The `vec a (reveal n + 1)` in the result type of `Cons` is similar. Here `reveal n + 1` has type `GTot nat`, but applying it to `vec a` produces a `GTot Type`, which is promoted to ```Tot Type```.

Type of append

The type of `append` has four occurrences of `reveal`. Three of them, in the type of `v0`, `v1`, and the return type behave the same as the typing the fields of `Cons`: the `GTot Type` is promoted to `Tot Type`.

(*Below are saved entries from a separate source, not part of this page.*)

(* Let $u$ be a coherent utility on $L^0$ whose determining set $\mathcal{D}$ is $L^1$-closed and uniformly integrable, let $Y$ be a random variable or random vector, and let $X,W\in L^1_s(\mathcal{D})\cap L^1_s(\mathsf{E}(\mathcal{D}\mid Y))\cap L^1$. Then $$u^{fc}(X;Y;W)=\lim_{\varepsilon\downarrow0}\varepsilon^{-1}\big(u^f(W+\varepsilon X;Y)-u^f(W;Y)\big).$$
   Context: Let $(\Omega,\mathcal{F},\mathsf{P})$ be a probability space, $L^0$ the space of all real random variables, $L^1=L^1(\mathsf{P})$, and $\mathcal{P}$ the set of probability measures on $\mathcal{F}$ absolutely continuous with respect to $\mathsf{P}$; measures are identified with their densities. For $\mathsf{Q}\in\mathcal{P}$, $\mathsf{E}_\mathsf{Q}X:=\mathsf{E}_\mathsf{Q}X^+-\mathsf{E}_\mathsf{Q}X^-$ with the convention $\infty-\infty=-\infty$. A coherent utility on $L^0$ is a map $u:L^0\to[-\infty,\infty]$ of the form $u(X)=\inf_{\mathsf{Q}\in\mathcal{D}}\mathsf{E}_\mathsf{Q}X$ for a nonempty $\mathcal{D}\subseteq\mathcal{P}$; its determining set is the largest such set, $\{\mathsf{Q}\in\mathcal{P}:\mathsf{E}_\mathsf{Q}X\ge u(X)\ \forall X\in L^0\}$. For $\mathcal{C}\subseteq\mathcal{P}$, $L^1_s(\mathcal{C})=\{X\in L^0:\lim_{n\to\infty}\sup_{\mathsf{Q}\in\mathcal{C}}\mathsf{E}_\mathsf{Q}|X|I(|X|>n)=0\}$. For a random vector $Y$, $\mathsf{E}(\mathcal{D}\mid Y):=\{\mathsf{E}(Z\mid Y):Z\in\mathcal{D}\}$ and $u^f(X;Y):=\inf_{\mathsf{Q}\in\mathsf{E}(\mathcal{D}\mid Y)}\mathsf{E}_\mathsf{Q}X$. Extreme measures: $\mathcal{X}_{\mathsf{E}(\mathcal{D}\mid Y)}(W)=\{\mathsf{Q}\in\mathsf{E}(\mathcal{D}\mid Y):\mathsf{E}_\mathsf{Q}W=u^f(W;Y)\in(-\infty,\infty)\}$; factor utility contribution: $u^{fc}(X;Y;W)=\inf_{\mathsf{Q}\in\mathcal{X}_{\mathsf{E}(\mathcal{D}\mid Y)}(W)}\mathsf{E}_\mathsf{Q}X$. *)

theory Defs
  imports "HOL-Probability.Probability"
begin

text \<open>Probability measures absolutely continuous w.r.t. M, identified with their densities.\<close>
definition dens :: "'a measure \<Rightarrow> ('a \<Rightarrow> real) set" where
  "dens M = {Z. Z \<in> borel_measurable M \<and> (AE x in M. 0 \<le> Z x) \<and> integrable M Z \<and> integral\<^sup>L M Z = 1}"

text \<open>E_Q X = E_Q X^+ - E_Q X^-, with the convention infinity - infinity = -infinity.\<close>
definition EQ :: "'a measure \<Rightarrow> ('a \<Rightarrow> real) \<Rightarrow> ('a \<Rightarrow> real) \<Rightarrow> ereal" where
  "EQ M Z X =
     (let p = (\<integral>\<^sup>+ x. ennreal (Z x * max (X x) 0) \<partial>M);
          n = (\<integral>\<^sup>+ x. ennreal (Z x * max (- X x) 0) \<partial>M)
      in if n = \<infinity> then - \<infinity> else enn2ereal p - enn2ereal n)"

definition coherent_utility :: "'a measure \<Rightarrow> (('a \<Rightarrow> real) \<Rightarrow> ereal) \<Rightarrow> bool" where
  "coherent_utility M u \<longleftrightarrow>
     (\<exists>D0. D0 \<noteq> {} \<and> D0 \<subseteq> dens M \<and> (\<forall>X \<in> borel_measurable M. u X = (INF Q\<in>D0. EQ M Q X)))"

definition determining_set :: "'a measure \<Rightarrow> (('a \<Rightarrow> real) \<Rightarrow> ereal) \<Rightarrow> ('a \<Rightarrow> real) set" where
  "determining_set M u = {Q \<in> dens M. \<forall>X \<in> borel_measurable M. u X \<le> EQ M Q X}"

definition L1_closed :: "'a measure \<Rightarrow> ('a \<Rightarrow> real) set \<Rightarrow> bool" where
  "L1_closed M D \<longleftrightarrow>
     (\<forall>Zs Z. (\<forall>n. Zs n \<in> D) \<longrightarrow> integrable M Z \<longrightarrow>
        (\<lambda>n. \<integral>x. \<bar>Zs n x - Z x\<bar> \<partial>M) \<longlonglongrightarrow> 0 \<longrightarrow> Z \<in> D)"

definition unif_integrable :: "'a measure \<Rightarrow> ('a \<Rightarrow> real) set \<Rightarrow> bool" where
  "unif_integrable M D \<longleftrightarrow>
     ((\<lambda>n::nat. SUP Z\<in>D. (\<integral>\<^sup>+ x. ennreal (\<bar>Z x\<bar> * indicator {x. \<bar>Z x\<bar> > real n} x) \<partial>M))
        \<longlonglongrightarrow> 0)"

definition L1s :: "'a measure \<Rightarrow> ('a \<Rightarrow> real) set \<Rightarrow> ('a \<Rightarrow> real) set" where
  "L1s M C = {X \<in> borel_measurable M.
     (\<lambda>n::nat. SUP Q\<in>C. EQ M Q (\<lambda>x. \<bar>X x\<bar> * indicator {x. \<bar>X x\<bar> > real n} x)) \<longlonglongrightarrow> 0}"

definition cond_set :: "'a measure \<Rightarrow> ('a \<Rightarrow> real) set \<Rightarrow> ('a \<Rightarrow> 'b::euclidean_space) \<Rightarrow> ('a \<Rightarrow> real) set" where
  "cond_set M D Y = (\<lambda>Z. real_cond_exp M (vimage_algebra (space M) Y borel) Z) ` D"

definition uf :: "'a measure \<Rightarrow> ('a \<Rightarrow> real) set \<Rightarrow> ('a \<Rightarrow> real) \<Rightarrow> ('a \<Rightarrow> 'b::euclidean_space) \<Rightarrow> ereal" where
  "uf M D X Y = (INF Q\<in>cond_set M D Y. EQ M Q X)"

definition extreme_set :: "'a measure \<Rightarrow> ('a \<Rightarrow> real) set \<Rightarrow> ('a \<Rightarrow> 'b::euclidean_space) \<Rightarrow> ('a \<Rightarrow> real) \<Rightarrow> ('a \<Rightarrow> real) set" where
  "extreme_set M D Y W = {Q \<in> cond_set M D Y. EQ M Q W = uf M D W Y \<and> \<bar>uf M D W Y\<bar> \<noteq> \<infinity>}"

definition ufc :: "'a measure \<Rightarrow> ('a \<Rightarrow> real) set \<Rightarrow> ('a \<Rightarrow> real) \<Rightarrow> ('a \<Rightarrow> 'b::euclidean_space) \<Rightarrow> ('a \<Rightarrow> real) \<Rightarrow> ereal" where
  "ufc M D X Y W = (INF Q\<in>extreme_set M D Y W. EQ M Q X)"

end

theory Submission
  imports Defs
begin

(* Write C = E(D | Y), g Q = E_Q W and h Q = E_Q X for Q in C. Then u^f(W + e X; Y) = inf_C (g + e h)
   and u^f(W; Y) = inf_C g, so the theorem is a Danskin-type formula for the right derivative of an
   infimum of affine functions of e. The difference quotient is at most h Q for every minimiser Q
   of g; the matching lower bound holds as soon as near-minimisers of g with small h can be replaced
   by exact ones, i.e. the image of C under (g, h) plus the nonnegative quadrant is closed.

   This closedness comes from a compactness property of the convex, L^1-closed, uniformly integrable
   set D, transported to C because conditional expectation is linear and an L^1 contraction: nested
   nonempty convex L^1-closed subsets of D have a common point. To find it, take near-minimisers of
   psi_energy Z = E psi(Z)^2 = E exp(-max Z 0) on the nested sets. As psi((a + b)/2)^2 = psi a * psi b,
   the convexity gap psi_energy a + psi_energy b - 2 psi_energy((a + b)/2) is the squared L^2
   distance of psi a and psi b, so the near-minimisers form a Cauchy sequence for this distance;
   uniform integrability upgrades it to an L^1-Cauchy sequence, whose limit lies in every set. *)

section \<open>Completeness of L1\<close>

lemma AE_convergent_if_summable_L1_increments:
  fixes g :: "nat \<Rightarrow> 'a \<Rightarrow> real"
  assumes int: "\<And>k. integrable M (g k)"
    and summable: "summable (\<lambda>k. \<integral>x. \<bar>g (Suc k) x - g k x\<bar> \<partial>M)"
  shows "AE x in M. convergent (\<lambda>k. g k x)"
proof -
  have [measurable]: "\<And>k. g k \<in> borel_measurable M"
    using int by auto
  have "(\<integral>\<^sup>+x. (\<Sum>k. ennreal \<bar>g (Suc k) x - g k x\<bar>) \<partial>M) = (\<Sum>k. \<integral>\<^sup>+x. \<bar>g (Suc k) x - g k x\<bar> \<partial>M)"
    by (intro nn_integral_suminf) auto
  also have "\<dots> = ennreal (\<Sum>k. \<integral>x. \<bar>g (Suc k) x - g k x\<bar> \<partial>M)"
    using int summable by (subst nn_integral_eq_integral) (auto intro!: suminf_ennreal2)
  finally have "(\<integral>\<^sup>+x. (\<Sum>k. ennreal \<bar>g (Suc k) x - g k x\<bar>) \<partial>M) \<noteq> \<infinity>"
    by simp
  then have "AE x in M. (\<Sum>k. ennreal \<bar>g (Suc k) x - g k x\<bar>) \<noteq> \<infinity>"
    by (rule nn_integral_PInf_AE[rotated]) measurable
  then show ?thesis
  proof eventually_elim
    case (elim x)
    then have "summable (\<lambda>k. \<bar>g (Suc k) x - g k x\<bar>)"
      by (intro summable_suminf_not_top) auto
    then have "convergent (\<lambda>n. \<Sum>k<n. g (Suc k) x - g k x)"
      unfolding summable_iff_convergent[symmetric] by (rule summable_rabs_cancel)
    then have "convergent (\<lambda>n. g n x - g 0 x)"
      by (simp add: sum_lessThan_telescope[of "\<lambda>k. g k x"])
    then show ?case
      by (simp add: convergent_diff_const_right_iff)
  qed
qed

lemma nn_integral_abs_diff_limit_le:
  fixes g :: "nat \<Rightarrow> 'a \<Rightarrow> real"
  assumes lim: "AE x in M. (\<lambda>j. g j x) \<longlonglongrightarrow> G x"
    and bound: "\<And>j. k \<le> j \<Longrightarrow> (\<integral>\<^sup>+x. \<bar>g j x - f x\<bar> \<partial>M) \<le> b"
    and [measurable]: "\<And>j. g j \<in> borel_measurable M" "f \<in> borel_measurable M"
  shows "(\<integral>\<^sup>+x. \<bar>G x - f x\<bar> \<partial>M) \<le> b"
proof -
  have "(\<integral>\<^sup>+x. \<bar>G x - f x\<bar> \<partial>M) = (\<integral>\<^sup>+x. liminf (\<lambda>j. ennreal \<bar>g j x - f x\<bar>) \<partial>M)"
    using lim by (intro nn_integral_cong_AE, eventually_elim)
      (intro lim_imp_Liminf[symmetric] tendsto_ennrealI tendsto_intros, auto)
  also have "\<dots> \<le> liminf (\<lambda>j. \<integral>\<^sup>+x. \<bar>g j x - f x\<bar> \<partial>M)"
    by (intro nn_integral_liminf) auto
  also have "\<dots> \<le> b"
    by (intro Liminf_le) (auto simp: eventually_sequentially intro!: exI[of _ k] bound)
  finally show ?thesis .
qed

lemma L1_fast_Cauchy_tendsto:
  fixes g :: "nat \<Rightarrow> 'a \<Rightarrow> real"
  assumes int: "\<And>k. integrable M (g k)"
    and fast: "\<And>j k. k \<le> j \<Longrightarrow> (\<integral>x. \<bar>g j x - g k x\<bar> \<partial>M) \<le> (1/2)^k"
  shows "\<exists>G. integrable M G \<and> (\<lambda>k. \<integral>x. \<bar>g k x - G x\<bar> \<partial>M) \<longlonglongrightarrow> 0"
proof -
  have [measurable]: "\<And>k. g k \<in> borel_measurable M"
    using int by auto
  have nn_fast: "(\<integral>\<^sup>+x. \<bar>g j x - g k x\<bar> \<partial>M) \<le> ennreal ((1/2)^k)" if "k \<le> j" for j k
    using fast[OF that] int by (subst nn_integral_eq_integral) (auto intro: ennreal_leI)
  define G where "G x = lim (\<lambda>k. g k x)" for x
  have [measurable]: "G \<in> borel_measurable M"
    unfolding G_def by measurable
  have "summable (\<lambda>k. \<integral>x. \<bar>g (Suc k) x - g k x\<bar> \<partial>M)"
    using fast by (intro summable_comparison_test[OF _ summable_geometric[of "1/2"]]) auto
  then have lim: "AE x in M. (\<lambda>k. g k x) \<longlonglongrightarrow> G x"
    using AE_convergent_if_summable_L1_increments[OF int] unfolding G_def
    by (auto simp: convergent_LIMSEQ_iff)
  have Fatou: "(\<integral>\<^sup>+x. \<bar>G x - g k x\<bar> \<partial>M) \<le> ennreal ((1/2)^k)" for k
    using lim nn_fast by (rule nn_integral_abs_diff_limit_le) measurable
  have int_diff: "integrable M (\<lambda>x. G x - g k x)" for k
    using Fatou[of k] by (intro integrableI_bounded) (auto simp: le_less_trans)
  have "integrable M (\<lambda>x. (G x - g 0 x) + g 0 x)"
    using int_diff int by (rule Bochner_Integration.integrable_add)
  then have "integrable M G"
    by simp
  moreover have "(\<lambda>k. \<integral>x. \<bar>g k x - G x\<bar> \<partial>M) \<longlonglongrightarrow> 0"
  proof (rule tendsto_sandwich[of "\<lambda>_. 0" _ _ "\<lambda>k. (1/2)^k"])
    have "ennreal (\<integral>x. \<bar>g k x - G x\<bar> \<partial>M) \<le> ennreal ((1/2)^k)" for k
      using Fatou[of k] int_diff[of k] by (subst nn_integral_eq_integral[symmetric]) (auto simp: abs_minus_commute)
    then show "\<forall>\<^sub>F k in sequentially. (\<integral>x. \<bar>g k x - G x\<bar> \<partial>M) \<le> (1/2)^k"
      by simp
  qed (auto intro!: LIMSEQ_power_zero)
  ultimately show ?thesis
    by blast
qed

lemma L1_Cauchy_subseq_tendsto:
  fixes f :: "nat \<Rightarrow> 'a \<Rightarrow> real"
  assumes int: "\<And>n. integrable M (f n)"
    and Cauchy: "\<And>e. e > 0 \<Longrightarrow> \<exists>N. \<forall>m\<ge>N. \<forall>n\<ge>N. (\<integral>x. \<bar>f m x - f n x\<bar> \<partial>M) < e"
  shows "\<exists>r G. strict_mono r \<and> integrable M G \<and> (\<lambda>k. \<integral>x. \<bar>f (r k) x - G x\<bar> \<partial>M) \<longlonglongrightarrow> 0"
proof -
  obtain N where N: "\<And>k m n. m \<ge> N k \<Longrightarrow> n \<ge> N k \<Longrightarrow> (\<integral>x. \<bar>f m x - f n x\<bar> \<partial>M) < (1/2)^k"
    using Cauchy[of "(1/2)^_"] by (metis zero_less_divide_1_iff zero_less_numeral zero_less_power)
  define r where "r k = k + (\<Sum>i\<le>k. N i)" for k
  have "strict_mono r" unfolding strict_mono_Suc_iff r_def by simp
  moreover have "N k \<le> r j" if "k \<le> j" for k j
    using that member_le_sum[of k "{..j}" N] unfolding r_def by simp
  then have "(\<integral>x. \<bar>f (r j) x - f (r k) x\<bar> \<partial>M) \<le> (1/2)^k" if "k \<le> j" for j k
    using N that by (meson le_trans less_imp_le order_refl)
  ultimately show ?thesis
    using L1_fast_Cauchy_tendsto[of M "f \<circ> r"] int by auto
qed

section \<open>Nested convex closed sets of densities\<close>

lemma densD:
  assumes "Z \<in> dens M"
  shows "Z \<in> borel_measurable M" "AE x in M. 0 \<le> Z x" "integrable M Z" "integral\<^sup>L M Z = 1"
  using assms unfolding dens_def by auto

definition psi :: "real \<Rightarrow> real" where
  "psi a = exp (- max a 0 / 2)"

lemma psi_bounds: "0 < psi a" "psi a \<le> 1"
  unfolding psi_def by auto

lemma psi_midpoint_sq:
  assumes "0 \<le> a" "0 \<le> b"
  shows "(psi ((a + b) / 2))\<^sup>2 = psi a * psi b"
  using assms unfolding psi_def by (simp add: power2_eq_square flip: exp_add) (simp add: field_simps)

One additional wrinkle is in the decreases clause, where we have an explicit `reveal n`, since what decreases on each recursive call is the `nat` that’s in bijection with the parameter `n`, rather than `n` itself. When F* infers a decreases clause for a function, any erased terms in the clause are automatically revealed.

Definition of append

The recursive call instantiates the index parameters to `n_tl` and `m`, which are both erased.

When constructing the `Cons` node, its index argument is instantiated to `hide (reveal n_tl + reveal m)`. The needless addition is marked with a `hide` enabling that F* compiler to erase it. As we saw before in `factorial_tail_alt`, using `hide` allows one to mingle ghost computations (like `(reveal n - 1)`) with total computations, as needed for specifications and proofs.

All of this is painfully explicit, but the implicit reveal/hide coercions inserted by F* go a long way towards make things relatively smooth.